AIM OF THE EXERCISE: Search the entries below. Return every line that has "mpoly" in it.

┄┄┄┄┄┄┄┄┄┄

(* Let $t\in[n]$. If $P$ is a prime ideal of $R$ minimal over $\mathcal{I}^{\langle t\rangle}$, then $P=P^{\langle t\rangle}_S$ for some maximal $t$-switchable set $S\subseteq N$.
   Context: Fix positive integers $n, r_1,\dots,r_n$, let $N=[r_1]\times\cdots\times[r_n]$, and let $R$ be the polynomial ring over a field in the variables $x_a$, $a\in N$. For $a,b\in N$ and $i\in[n]$, ${\rm s}(i,a,b)\in N$ has $i$-th component $b_i$ and other components equal to those of $a$. Let $d(a,b)=\#\{j: a_j\neq b_j\}$ and $f_{i,a,b}=x_ax_b-x_{{\rm s}(i,a,b)}x_{{\rm s}(i,b,a)}$. Let $\mathcal{I}^{\langle t\rangle}=(f_{i,a,b}: a,b\in N,\ d(a,b)=2,\ i\in[t])$. A subset $S\subseteq N$ is $t$-switchable if for all $a,b\in S$ with $d(a,b)=2$ and all $i\in[t]$, ${\rm s}(i,a,b)\in S$. Elements $a,b\in S$ are connected in $S$ if there are $a_0=a,\dots,a_k=b$ in $S$ with $d(a_{j-1},a_j)\le 1$ for all $j$. For $t$-switchable $S$: $\tilde{\mathcal{I}}^{\langle t\rangle}_S=(f_{i,a,b}: i\in[t],\ a,b \text{ connected in } S)$, $\mathrm{Var}^{\langle t\rangle}_S=(x_a: a\notin S)$, $P^{\langle t\rangle}_S=\mathrm{Var}^{\langle t\rangle}_S+\tilde{\mathcal{I}}^{\langle t\rangle}_S$. A $t$-switchable $S$ is maximal $t$-switchable if for every $t$-switchable $T$ properly containing $S$, $P^{\langle t\rangle}_S$ and $P^{\langle t\rangle}_T$ are incomparable under inclusion. *)

theory Defs
  imports "HOL-Library.Poly_Mapping"
begin

text \<open>Tuples a in N = [r_1] x ... x [r_n] are lists of length n (0-based positions).
  Polynomials: the type (nat list =>0 nat) =>0 'k (finitely supported coefficient
  functions on monomials); the ring R of the paper is the subring of polynomials
  whose variables all lie in N.\<close>

type_synonym 'k mpoly = "(nat list \<Rightarrow>\<^sub>0 nat) \<Rightarrow>\<^sub>0 'k"

definition gridN :: "nat list \<Rightarrow> nat list set" where
  "gridN r = {a. length a = length r \<and> (\<forall>i<length r. 1 \<le> a ! i \<and> a ! i \<le> r ! i)}"

definition polyR :: "nat list \<Rightarrow> 'k::field mpoly set" where
  "polyR r = {p :: 'k mpoly. \<forall>m \<in> Poly_Mapping.keys p. Poly_Mapping.keys m \<subseteq> gridN r}"

definition Xv :: "nat list \<Rightarrow> 'k::field mpoly" where
  "Xv a = Poly_Mapping.single (Poly_Mapping.single a (1::nat)) 1"

definition ideal_in :: "'a::comm_ring_1 set \<Rightarrow> 'a set \<Rightarrow> bool" where
  "ideal_in R I \<longleftrightarrow> I \<subseteq> R \<and> 0 \<in> I \<and> (\<forall>x\<in>I. \<forall>y\<in>I. x + y \<in> I)
     \<and> (\<forall>s\<in>R. \<forall>x\<in>I. s * x \<in> I)"

definition ideal_gen :: "'a::comm_ring_1 set \<Rightarrow> 'a set \<Rightarrow> 'a set" where
  "ideal_gen R G = \<Inter>{I. ideal_in R I \<and> G \<subseteq> I}"

definition ideal_sum :: "'a::comm_ring_1 set \<Rightarrow> 'a set \<Rightarrow> 'a set" where
  "ideal_sum I J = {x + y | x y. x \<in> I \<and> y \<in> J}"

┄┄┄┄┄┄┄┄┄┄

WORKED SOLUTION:
type_synonym 'k mpoly = "(nat list \<Rightarrow>\<^sub>0 nat) \<Rightarrow>\<^sub>0 'k"
definition polyR :: "nat list \<Rightarrow> 'k::field mpoly set" where
  "polyR r = {p :: 'k mpoly. \<forall>m \<in> Poly_Mapping.keys p. Poly_Mapping.keys m \<subseteq> gridN r}"
definition Xv :: "nat list \<Rightarrow> 'k::field mpoly" where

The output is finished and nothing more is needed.